The first chapter gives a brief overview of the use of radicals in synthetic chemistry. The principles that govern the stability of radicals is discussed and notable examples are highlighted. The second section of the first chapter reviews the aromatic platforms that have been developed by the Lambert group and how they might be converted into stable radical species.
The second chapter details our study of 2,3-diaminocyclpropenones as stable radicals. These electron rich cyclopropenium derivatives undergo facile oxidation to yield a radical cation species. The origin of the stability of this oxygen-centered radical was elucidated by density functional theory calculations and analysis of the crystal structure. Diaminocyclopropenones were also found to be effective neutral L-type ligands in Ce(IV) complexes. EPR and UV-VIS experiments revealed that these complexes exhibited reversible homolytic dissociation of their diaminocyclopropenone ligands.
The third chapter describes the use of trisaminocyclopropeniums as catholytes for nonaqueous redox flow batteries. A newly designed trisaminocyclopropenium structure could be accessed in large quantities and showed long lasting stability in its oxidized state. A new composite polyionic material was developed for use as a membrane suitable for organic solvent and high voltages. Cycling in combination with a perylenediimide anolyte yielded a 1.7 V battery that exhibited excellent coulombic efficiency and capacity retention. Using a spiro-bis(phthalimido) anolyte afforded a battery with an open circuit voltage of 2.8 V.
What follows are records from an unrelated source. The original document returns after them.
(* Let $N\ge 1$, $c\in\mathbb{R}$, and consider the manifold of Jacobi parameters $a_1,\dots,a_{N-1}>0$, $b_1,\dots,b_N\in\mathbb{R}$ with $\sum_{j=1}^N b_j=c$, with the Poisson bracket described in the context. Let $P_n$ and $Q_n$ be the first and second kind monic polynomials defined in the context. Then for every $n=1,\dots,N$ and all $x,y$, \[ \{P_n(x),P_n(y)\}=\{Q_n(x),Q_n(y)\}=0, \] \[ 2\{P_n(x),Q_n(y)\} = -\frac{P_n(x)Q_n(y)-P_n(y)Q_n(x)}{x-y} + Q_n(x)Q_n(y). \]
   Context: The Poisson bracket on functions of $(a_1,\dots,a_{N-1},b_1,\dots,b_N)$ is the bilinear antisymmetric bracket satisfying the Leibniz rule whose only nonzero brackets among the coordinates are $\{b_k,a_k\}=-\tfrac14 a_k$ for $k=1,\dots,N-1$ and $\{b_k,a_{k-1}\}=\tfrac14 a_{k-1}$ for $k=2,\dots,N$. Brackets of functions depending on auxiliary variables $x,y$ are computed with $x,y$ held fixed. For $b_1,\dots,b_m$ and $a_1,\dots,a_{m-1}$ let $J(b_1,\dots,b_m;a_1,\dots,a_{m-1})$ be the $m\times m$ tridiagonal symmetric matrix with diagonal $b_1,\dots,b_m$ and off-diagonal entries $a_1,\dots,a_{m-1}$. Then $P_n(x)=\det\bigl(x-J(b_1,\dots,b_n;a_1,\dots,a_{n-1})\bigr)$ and $Q_n(x)=\det\bigl(x-J(b_2,\dots,b_n;a_2,\dots,a_{n-1})\bigr)$ (so $Q_1=1$). *)

theory Defs
  imports Complex_Main "Jordan_Normal_Form.Determinant"
begin

text \<open>Coordinates: a, b :: nat => real, with a k the k-th off-diagonal Jacobi
parameter (k = 1..N-1) and b k the k-th diagonal one (k = 1..N).\<close>

definition jacobi_mat :: "nat \<Rightarrow> nat \<Rightarrow> (nat \<Rightarrow> real) \<Rightarrow> (nat \<Rightarrow> real) \<Rightarrow> real mat" where
  "jacobi_mat s m a b = mat m m (\<lambda>(i, j).
     if i = j then b (s + i + 1)
     else if i + 1 = j \<or> j + 1 = i then a (s + min i j + 1)
     else 0)"

definition jacobi_charpoly :: "nat \<Rightarrow> nat \<Rightarrow> (nat \<Rightarrow> real) \<Rightarrow> (nat \<Rightarrow> real) \<Rightarrow> real \<Rightarrow> real" where
  "jacobi_charpoly s m a b x = det (x \<cdot>\<^sub>m 1\<^sub>m m - jacobi_mat s m a b)"

definition P_poly :: "nat \<Rightarrow> (nat \<Rightarrow> real) \<Rightarrow> (nat \<Rightarrow> real) \<Rightarrow> real \<Rightarrow> real" where
  "P_poly n a b x = jacobi_charpoly 0 n a b x"
theorem lemma4:
  fixes q m :: nat
  assumes "prime_power q" and "m > 3"
  shows
    "(\<forall>k l x y. 2 * k + 1 \<le> m \<longrightarrow> (x, y) \<in> Zdes_k q m k \<longrightarrow> l < m \<longrightarrow> l \<noteq> m - k - 1 \<longrightarrow>
        fval q m x y l \<ge> int q ^ m - 1 - int q ^ ((m + 1) div 2 - 1))
   \<and> ((1, int q ^ m - 1 - int q ^ (m div 2 + 1)) \<in> Zdes_k q m 0
      \<and> (m + 1) div 2 - 1 < m \<and> (m + 1) div 2 - 1 \<noteq> m - 0 - 1
      \<and> fval q m 1 (int q ^ m - 1 - int q ^ (m div 2 + 1)) ((m + 1) div 2 - 1)
          = int q ^ m - 1 - int q ^ ((m + 1) div 2 - 1))
   \<and> (\<forall>k x y. 2 * k + 1 \<le> m \<longrightarrow> (x, y) \<in> Zdes_k q m k \<longrightarrow>
        (odd m \<longrightarrow> fval q m x y (m - k - 1) \<ge> int q ^ m - 1)
      \<and> (even m \<longrightarrow> fval q m x y (m - k - 1) \<ge> (int q ^ (m div 2) - 1)\<^sup>2))
   \<and> (even m \<longrightarrow>
        2 * (m div 2 - 1) + 1 \<le> m
      \<and> (int q ^ (m div 2) - 1, int q ^ (m div 2) - 1) \<in> Zdes_k q m (m div 2 - 1)
      \<and> m div 2 = m - (m div 2 - 1) - 1
      \<and> fval q m (int q ^ (m div 2) - 1) (int q ^ (m div 2) - 1) (m div 2)
          = (int q ^ (m div 2) - 1)\<^sup>2)"
proof (intro conjI allI impI)
  have q: "2 \<le> int q" using prime_power_ge_2[OF assms(1)] by simp
  note m = \<open>m > 3\<close>
  show "fval q m x y l \<ge> int q ^ m - 1 - int q ^ ((m + 1) div 2 - 1)"
    if "2 * k + 1 \<le> m" "(x, y) \<in> Zdes_k q m k" "l < m" "l \<noteq> m - k - 1" for k l x y
    unfolding fval_def
    by (rule residue_product_bound_offdiag[OF q m that(1,3,4)]) (use that(2) in \<open>auto simp: mem_Zdes_k_iff\<close>)
  show "(1, int q ^ m - 1 - int q ^ (m div 2 + 1)) \<in> Zdes_k q m 0"
    using q m by (rule offdiag_witness_mem_Zdes_k)
  show "fval q m 1 (int q ^ m - 1 - int q ^ (m div 2 + 1)) ((m + 1) div 2 - 1)
          = int q ^ m - 1 - int q ^ ((m + 1) div 2 - 1)"
    using offdiag_bound_attained(3)[OF q m] unfolding fval_def .
  show "fval q m x y (m - k - 1) \<ge> int q ^ m - 1"
    if "2 * k + 1 \<le> m" "(x, y) \<in> Zdes_k q m k" "odd m" for k x y
    unfolding fval_def
    by (rule residue_product_bound_diag_odd[OF q m that(3,1)]) (use that(2) in \<open>auto simp: mem_Zdes_k_iff\<close>)
  show "fval q m x y (m - k - 1) \<ge> (int q ^ (m div 2) - 1)\<^sup>2"
    if "2 * k + 1 \<le> m" "(x, y) \<in> Zdes_k q m k" "even m" for k x y
    unfolding fval_def
    by (rule residue_product_bound_diag_even[OF q m that(3,1)]) (use that(2) in \<open>auto simp: mem_Zdes_k_iff\<close>)
  show "(int q ^ (m div 2) - 1, int q ^ (m div 2) - 1) \<in> Zdes_k q m (m div 2 - 1)" if "even m"
    using q m that by (rule diag_witness_mem_Zdes_k)
  show "fval q m (int q ^ (m div 2) - 1) (int q ^ (m div 2) - 1) (m div 2) = (int q ^ (m div 2) - 1)\<^sup>2"
    if "even m"
    using diag_bound_attained(5)[OF q m that] unfolding fval_def by (simp add: power2_eq_square)
qed (use \<open>3 < m\<close> in auto)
The fourth chapter details how our battery studies with trisaminocyclopropenium radical dications led us to discover their photoinduced reactivity. We developed an electrophotocatalytic platform using trisaminocyclopropeniums as a species capable of being activated by both photochemical and electrochemical energy. The excited state oxidation potential of the doubly activated species was found to be +3.33 V, which was capable of effecting oxidative coupling reactions using both arenes and ethers as substrates. Density functional theory calculations and spectroscopic experiments revealed that the photoreactivity was due to a SOMO-inversion event. The trisaminocyclopropenium radical dication could be prepared on scale via direct electrolysis and subsequently used in high throughput screening.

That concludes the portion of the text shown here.